TASK GOAL -
Copy each line of the entries that includes the word "with".

SUPPLIED RECORDS -
text \<open>Inner product on H^1_D (on equivalence classes modulo a.e. equality).\<close>
definition inner_product_on :: "'a::euclidean_space set \<Rightarrow> ('a \<Rightarrow> 'b::euclidean_space) set \<Rightarrow>
    (('a \<Rightarrow> 'b) \<Rightarrow> ('a \<Rightarrow> 'b) \<Rightarrow> real) \<Rightarrow> bool" where
  "inner_product_on \<Omega> V ip \<longleftrightarrow>
     (\<forall>u\<in>V. \<forall>v\<in>V. ip u v = ip v u) \<and>
     (\<forall>u\<in>V. \<forall>w\<in>V. \<forall>v\<in>V. ip (\<lambda>x. u x + w x) v = ip u v + ip w v) \<and>
     (\<forall>u\<in>V. \<forall>v\<in>V. \<forall>c. ip (\<lambda>x. c *\<^sub>R u x) v = c * ip u v) \<and>
     (\<forall>u\<in>V. \<forall>u'\<in>V. \<forall>v\<in>V. (AE x in lebesgue_on \<Omega>. u x = u' x) \<longrightarrow> ip u v = ip u' v) \<and>
     (\<forall>v\<in>V. 0 \<le> ip v v) \<and>
     (\<forall>v\<in>V. ip v v = 0 \<longrightarrow> (AE x in lebesgue_on \<Omega>. v x = 0))"

end

theory Submission
  imports Defs
begin

(* Testing the Euler-Lagrange equation with v = d_t u^1 itself, which is admissible because it is
   tangent to u^0, and expanding grad u^1 = grad u^0 + tau grad d_t u^1 bilinearly gives the
   discrete energy identity
     |grad u^1|^2 + 2 tau |d_t u^1|_*^2 + tau^2 |grad d_t u^1|^2 = |grad u^0|^2
   and likewise
     |grad (u^1, u^0)|_G^2 + 3/2 tau |d_t u^1|_*^2 + 1/4 tau^2 |grad d_t u^1|^2 = 1/2 |grad u^0|^2,
   so (a) holds with c_G = 1/2. Part (b) is pointwise: |u^1|^2 = 1 + tau^2 |d_t u^1|^2 a.e.
   because u^0 is a unit vector orthogonal to d_t u^1.
   The analytic input is that weak derivatives are unique up to null sets (the fundamental lemma
   of the calculus of variations, via C^1 bumps converging to indicators of boxes), which makes
   the chosen weak gradient wgrad linear almost everywhere. *)

lemma L2_integrable_inner:
  assumes "L2 \<Omega> f" "L2 \<Omega> g"
  shows "integrable (lebesgue_on \<Omega>) (\<lambda>x. f x \<bullet> g x)"
proof (rule Bochner_Integration.integrable_bound)
  show "integrable (lebesgue_on \<Omega>) (\<lambda>x. (norm (f x))\<^sup>2 + (norm (g x))\<^sup>2)"
    using assms unfolding L2_def by simp
  show "(\<lambda>x. f x \<bullet> g x) \<in> borel_measurable (lebesgue_on \<Omega>)"
    using assms unfolding L2_def by (simp add: borel_measurable_inner)
  show "AE x in lebesgue_on \<Omega>. norm (f x \<bullet> g x) \<le> norm ((norm (f x))\<^sup>2 + (norm (g x))\<^sup>2)"
  proof (rule AE_I2)
    fix x
    have "\<bar>f x \<bullet> g x\<bar> \<le> norm (f x) * norm (g x)" by (rule Cauchy_Schwarz_ineq2)
    also have "\<dots> \<le> (norm (f x))\<^sup>2 + (norm (g x))\<^sup>2"
      using sum_squares_bound[of "norm (f x)" "norm (g x)"]
        mult_nonneg_nonneg[OF norm_ge_zero norm_ge_zero, of "f x" "g x"]
      by linarith
    finally show "norm (f x \<bullet> g x) \<le> norm ((norm (f x))\<^sup>2 + (norm (g x))\<^sup>2)" by simp
  qed
qed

WRITTEN RESPONSE -
(* Testing the Euler-Lagrange equation with v = d_t u^1 itself, which is admissible because it is
   so (a) holds with c_G = 1/2. Part (b) is pointwise: |u^1|^2 = 1 + tau^2 |d_t u^1|^2 a.e.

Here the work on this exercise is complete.